More formally, the cotangent of an angle, denoted as \( \cot \theta \), is the ratio of the adjacent side to the opposite side in a right-angled triangle. However, in terms of unit circle or function definitions, it is given by \( \cot \theta = \frac{\cos \theta}{\sin \theta} \).

Graphically, the cotangent function has a period of \(\pi\), meaning it repeats its values every \(\pi\) radians. It also has vertical asymptotes where the sine function has zeros, because at those points, we are dividing by zero which is undefined, dramatically affecting the graph of the function. Recognizing this pattern is helpful when comparing trigonometric expressions or proving identities.

Graphical analysis is a technique often used to visualize and solve equations, especially when dealing with trigonometric functions. It involves plotting the functions on a coordinate system and observing the intersections, behaviors, and properties of the graphs.

An identity in trigonometry is an equation that is true for all values of the variable, within the domain of the functions involved. To graphically determine if an equation is an identity, you plot both sides of the equation on the same axes.

When you have an identity, such as in the exercise where \( \frac{\cos t}{\cos (t-\pi / 2)} = \cot t \), if graphed correctly, you will observe that both sides of the equation would produce the exact same graph. This visual representation reinforces the analytical solution and provides a deeper comprehension of how the trigonometric functions are related.

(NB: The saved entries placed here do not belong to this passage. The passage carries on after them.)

lemma disjoint_under_mult_unit_slice_grid:
  assumes "i \<noteq> i0" and "C i \<inter> D i = {}"
  shows "disjoint_under_mult (unit_slice_grid i0 C) (unit_slice_grid i0 D)"
  unfolding disjoint_under_mult_def
proof (intro ballI allI impI notI)
  fix x a assume x: "x \<in> unit_slice_grid i0 C" and "a \<noteq> 0"
    and ax: "(\<lambda>i. a * x i) \<in> unit_slice_grid i0 D"
  have "x i0 = 1" and "a * x i0 = 1"
    using x ax by (simp_all add: mem_unit_slice_grid_iff)
  then have "a = 1" by simp
  then show False
    using x ax assms by (auto simp: mem_unit_slice_grid_iff)
qed

lemma coeff_eq_zero_if_hpoly_eval_vanishes_on_unit_slice_grid:
  fixes D :: "('n::finite \<Rightarrow> nat) \<Rightarrow> 'a::field"
  assumes card_C: "\<And>i. i \<noteq> i0 \<Longrightarrow> card (C i) = d + 1"
    and vanish: "\<forall>x\<in>unit_slice_grid i0 C. hpoly_eval d D x = 0"
    and deg: "total_deg \<alpha> = d"
  shows "D \<alpha> = 0"
proof -
  define G where "G i = (if i = i0 then {1} else C i)" for i
  have fin_G: "finite (G i)" for i
    using card_C[of i] by (cases "i = i0") (auto simp: G_def intro: card_ge_0_finite)
  have "\<exists>w. \<forall>f\<le>d. (\<Sum>a\<in>G i. w a * a ^ f) = (if i = i0 \<or> f = \<alpha> i then 1 else 0)" for i
  proof (cases "i = i0")
    case True
    then show ?thesis by (intro exI[of _ "\<lambda>_. 1"]) (simp add: G_def)
  next
    case False
    have "\<alpha> i < card (C i)" using le_total_deg[of \<alpha> i] deg card_C[OF False] by simp
    with fin_G[of i] obtain v
      where "\<forall>f < card (C i). (\<Sum>a\<in>C i. v a * a ^ f) = (if f = \<alpha> i then 1 else 0)"
      using ex_power_sum_weights[of "C i" "\<alpha> i"] by (auto simp: G_def False)
    then show ?thesis
      using False card_C[OF False] by (intro exI[of _ v]) (simp add: G_def less_Suc_eq_le)
  qed
  then obtain w where w: "\<And>i f. f \<le> d \<Longrightarrow>
      (\<Sum>a\<in>G i. w i a * a ^ f) = (if i = i0 \<or> f = \<alpha> i then 1 else 0)"
    by metis
  have "0 = (\<Sum>x\<in>(\<Pi>\<^sub>E i\<in>UNIV. G i). (\<Prod>i\<in>UNIV. w i (x i)) * hpoly_eval d D x)"
    using vanish by (simp add: unit_slice_grid_def G_def)
  also have "\<dots> = (\<Sum>\<beta>\<in>{\<beta>. total_deg \<beta> = d}. D \<beta> * (\<Prod>i\<in>UNIV. \<Sum>a\<in>G i. w i a * a ^ \<beta> i))"
    using fin_G by (rule sum_PiE_weighted_hpoly_eval)
  also have "\<dots> = (\<Sum>\<beta>\<in>{\<beta>. total_deg \<beta> = d}. if \<beta> = \<alpha> then D \<beta> else 0)"
  proof (rule sum.cong)
    fix \<beta> :: "'n \<Rightarrow> nat" assume "\<beta> \<in> {\<beta>. total_deg \<beta> = d}"
    then have deg_\<beta>: "total_deg \<beta> = d" by simp
    have "(\<Prod>i\<in>UNIV. \<Sum>a\<in>G i. w i a * a ^ \<beta> i) = (\<Prod>i\<in>UNIV. if i = i0 \<or> \<beta> i = \<alpha> i then 1 else 0)"
      using le_total_deg[of \<beta>] by (intro prod.cong) (simp_all add: w deg_\<beta>)
    also have "\<dots> = (if \<beta> = \<alpha> then 1 else 0)"
      using eq_if_total_deg_eq_and_agree_except[of \<beta> \<alpha> i0] deg deg_\<beta>
      by (auto intro: prod_zero)
    finally have "(\<Prod>i\<in>UNIV. \<Sum>a\<in>G i. w i a * a ^ \<beta> i) = (if \<beta> = \<alpha> then 1 else 0)" .
    then show "D \<beta> * (\<Prod>i\<in>UNIV. \<Sum>a\<in>G i. w i a * a ^ \<beta> i) = (if \<beta> = \<alpha> then D \<beta> else 0)"
      by simp
  qed simp
  also have "\<dots> = D \<alpha>"
    by (simp add: deg finite_total_deg_eq)
  finally show ?thesis by simp
qed
lemma alpha_norm_bounds:
  assumes N: "N \<ge> 1" and inc: "strictly_increasing_nodes x N" and \<alpha>: "\<alpha> \<in> Theta x N p"
  shows "\<And>n. n \<in> {1..N} \<Longrightarrow> \<bar>\<alpha> n\<bar> \<le> alpha_norm N \<alpha>" "0 \<le> alpha_norm N \<alpha>"
    "alpha_norm N \<alpha> < 1"
proof -
  show ge: "\<bar>\<alpha> n\<bar> \<le> alpha_norm N \<alpha>" if "n \<in> {1..N}" for n
    unfolding alpha_norm_def using that by (intro Max_ge) auto
  show "0 \<le> alpha_norm N \<alpha>" using ge[of 1] N by auto
  have "alpha_norm N \<alpha> \<in> (\<lambda>n. \<bar>\<alpha> n\<bar>) ` {1..N}"
    unfolding alpha_norm_def using N by (intro Max_in) auto
  then obtain n where n: "n \<in> {1..N}" "alpha_norm N \<alpha> = \<bar>\<alpha> n\<bar>" by auto
  have "\<bar>\<alpha> n\<bar> < a_coef x N n ^ (2*p)" using \<alpha> n unfolding Theta_def by auto
  also have "\<dots> \<le> 1" using a_coef_bounds[OF inc n(1)] by (intro power_le_one) auto
  finally show "alpha_norm N \<alpha> < 1" using n by simp
qed

lemma L_map_affine:
  fixes x :: "nat \<Rightarrow> real"
  assumes "x N \<noteq> x 0"
  shows "L_map x N n s = x (n - 1) + a_coef x N n * (s - x 0)"
proof -
  have "x (n - 1) - a_coef x N n * x 0 = (x N * x (n - 1) - x 0 * x n) / (x N - x 0)"
    using assms unfolding a_coef_def by (simp add: field_simps)
  then show ?thesis unfolding L_map_def by (simp add: algebra_simps)
qed
text \<open>The barrier \<open>V(s) = ln (1 + (s - s\<^sup>2)/c)\<close> satisfies \<open>-V'' \<ge> 4 + V'\<^sup>2\<close> on \<open>[0,1]\<close>
  when \<open>c \<le> 1/4\<close>, so \<open>V(x\<^sub>n)\<close> is a strict supersolution of \<open>w\<^sub>t - \<Delta>w \<ge> 1 + |\<nabla>w|\<^sup>2 \<ge> |\<nabla>w|\<^sup>p\<close>.
  For \<open>c = e\<^sup>-\<^sup>M/4\<close> it dominates \<open>\<plusminus>u\<close> on \<open>x\<^sub>n = 1/2\<close> and equals \<open>0\<close> on \<open>x\<^sub>n = 0\<close>, hence
  by comparison on \<open>\<Gamma>\<^sub>1\<^sub>/\<^sub>2\<close> it dominates \<open>\<plusminus>u\<close> there; the unbounded domain is handled by the
  penalisation \<open>\<delta>(|x|\<^sup>2 - t)\<close>, which keeps a positive maximum of the difference away from
  infinity. Finally \<open>V(s) \<le> s/c\<close>.\<close>

lemma DERIV_nonneg_at_left_max:
  fixes g :: "real \<Rightarrow> real"
  assumes "(g has_real_derivative c) (at t)" "\<eta> > 0"
    and "\<And>s. t - \<eta> < s \<Longrightarrow> s \<le> t \<Longrightarrow> g s \<le> g t"
  shows "0 \<le> c"
proof (rule ccontr)
  assume "\<not> 0 \<le> c"
  from DERIV_neg_dec_left[OF assms(1)] this obtain d
    where d: "d > 0" "\<And>h. 0 < h \<Longrightarrow> h < d \<Longrightarrow> g t < g (t - h)" by force
  define h where "h = min d \<eta> / 2"
  have "0 < h" "h < d" "h < \<eta>" using d assms(2) by (auto simp: h_def)
  then show False using d(2) assms(3)[of "t - h"] by force
qed

lemma DERIV2_nonpos_at_max:
  fixes g g' :: "real \<Rightarrow> real"
  assumes "e > 0"
    and g: "\<And>s. \<bar>s\<bar> < e \<Longrightarrow> (g has_real_derivative g' s) (at s)"
    and g': "(g' has_real_derivative c) (at 0)" "g' 0 = 0"
    and max: "\<And>s. \<bar>s\<bar> < e \<Longrightarrow> g s \<le> g 0"
  shows "c \<le> 0"
proof (rule ccontr)
  assume "\<not> c \<le> 0"
  from DERIV_pos_inc_right[OF g'(1)] this obtain d
    where d: "d > 0" "\<And>h. 0 < h \<Longrightarrow> h < d \<Longrightarrow> g' 0 < g' h" by force
  define h where "h = min d e / 2"
  have h: "0 < h" "h < d" "h < e" using d \<open>e > 0\<close> by (auto simp: h_def)
  obtain z where z: "0 < z" "z < h" "g h - g 0 = h * g' z"
    using MVT2[of 0 h g g'] h g by auto
  have "g' z > 0" using d(2) z h g'(2) by auto
  then have "g h > g 0" using z h by (simp add: algebra_simps)
  then show False using max[of h] h by simp
qed

lemma local_max_gradient_hessian:
  fixes G :: "real^'n::finite \<Rightarrow> real" and DG :: "real^'n \<Rightarrow> real^'n"
  assumes "r > 0"
    and dG: "\<And>y. y \<in> ball x r \<Longrightarrow> (G has_derivative (\<lambda>h. DG y \<bullet> h)) (at y)"
    and dDG: "(DG has_derivative L) (at x)"
    and max: "\<And>y. y \<in> ball x r \<Longrightarrow> G y \<le> G x"
  shows "DG x = 0" and "L (axis i 1) $ i \<le> 0"
proof -
  have x: "x \<in> ball x r" using \<open>r > 0\<close> by simp
  have "(\<lambda>h. DG x \<bullet> h) = (\<lambda>v. 0)"
    by (rule differential_zero_maxmin[OF x open_ball, where f = G]) (use dG x max in auto)
  then have "DG x \<bullet> DG x = 0" by metis
  then show DG0: "DG x = 0" by simp
  define e :: "real^'n" where "e = axis i 1"
  have inb: "x + s *\<^sub>R e \<in> ball x r" if "\<bar>s\<bar> < r" for s
    using that by (simp add: dist_norm e_def)
  have line: "((\<lambda>s::real. x + s *\<^sub>R e) has_derivative (\<lambda>h. h *\<^sub>R e)) (at s)" for s
    by (auto intro!: derivative_eq_intros)
  show "L (axis i 1) $ i \<le> 0"
  proof (rule DERIV2_nonpos_at_max[where g = "\<lambda>s. G (x + s *\<^sub>R e)" and g' = "\<lambda>s. DG (x + s *\<^sub>R e) $ i"])
    fix s :: real assume "\<bar>s\<bar> < r"
    from has_derivative_compose[OF line dG[OF inb[OF this]]]
    show "((\<lambda>s. G (x + s *\<^sub>R e)) has_real_derivative DG (x + s *\<^sub>R e) $ i) (at s)"
      by (simp add: has_field_derivative_def e_def inner_axis mult.commute[of _ "DG _ $ i"])
  next
    have "((\<lambda>s. DG (x + s *\<^sub>R e)) has_derivative (\<lambda>h. L (h *\<^sub>R e))) (at 0)"
      using has_derivative_compose[OF line, of DG L 0] dDG by simp
    then have "((\<lambda>s. DG (x + s *\<^sub>R e) $ i) has_derivative (\<lambda>h. L (h *\<^sub>R e) $ i)) (at 0)"
      by (rule bounded_linear.has_derivative[OF bounded_linear_vec_nth])
    moreover have "(\<lambda>h. L (h *\<^sub>R e) $ i) = (*) (L e $ i)"
      using has_derivative_linear[OF dDG] by (auto simp: fun_eq_iff linear_cmul)
    ultimately show "((\<lambda>s. DG (x + s *\<^sub>R e) $ i) has_real_derivative L (axis i 1) $ i) (at 0)"
      by (simp add: has_field_derivative_def e_def)
  qed (use \<open>r > 0\<close> max inb DG0 in auto)
qed

definition lin_trace :: "(real^'n::finite \<Rightarrow> real^'n) \<Rightarrow> real" where
  "lin_trace L = (\<Sum>i\<in>UNIV. L (axis i 1) $ i)"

Trigonometric functions form the cornerstone of trigonometry. They relate the angles of a triangle to the lengths of its sides and are extensively applied in science, engineering, and mathematics. The main trigonometric functions are sine (sin), cosine (cos), tangent (tan), cotangent (cot), secant (sec), and cosecant (csc).

Each function has unique properties and graphs that describe their behavior over an interval. For example, sine and cosine functions are periodic with a period of \(2\pi\), while tangent and cotangent functions have periods of \(\pi\). This periodicity means that they repeat their values over regular intervals, a crucial concept when solving equations or proving identities.

Studying the behavior of these functions, such as their symmetries, asymptotes, and intercepts, is essential for understanding more complex relations and equations in trigonometry. For students to deeply understand these concepts, visual aids like unit circles and function graphs can be invaluable, making it easier to internalize and apply the information.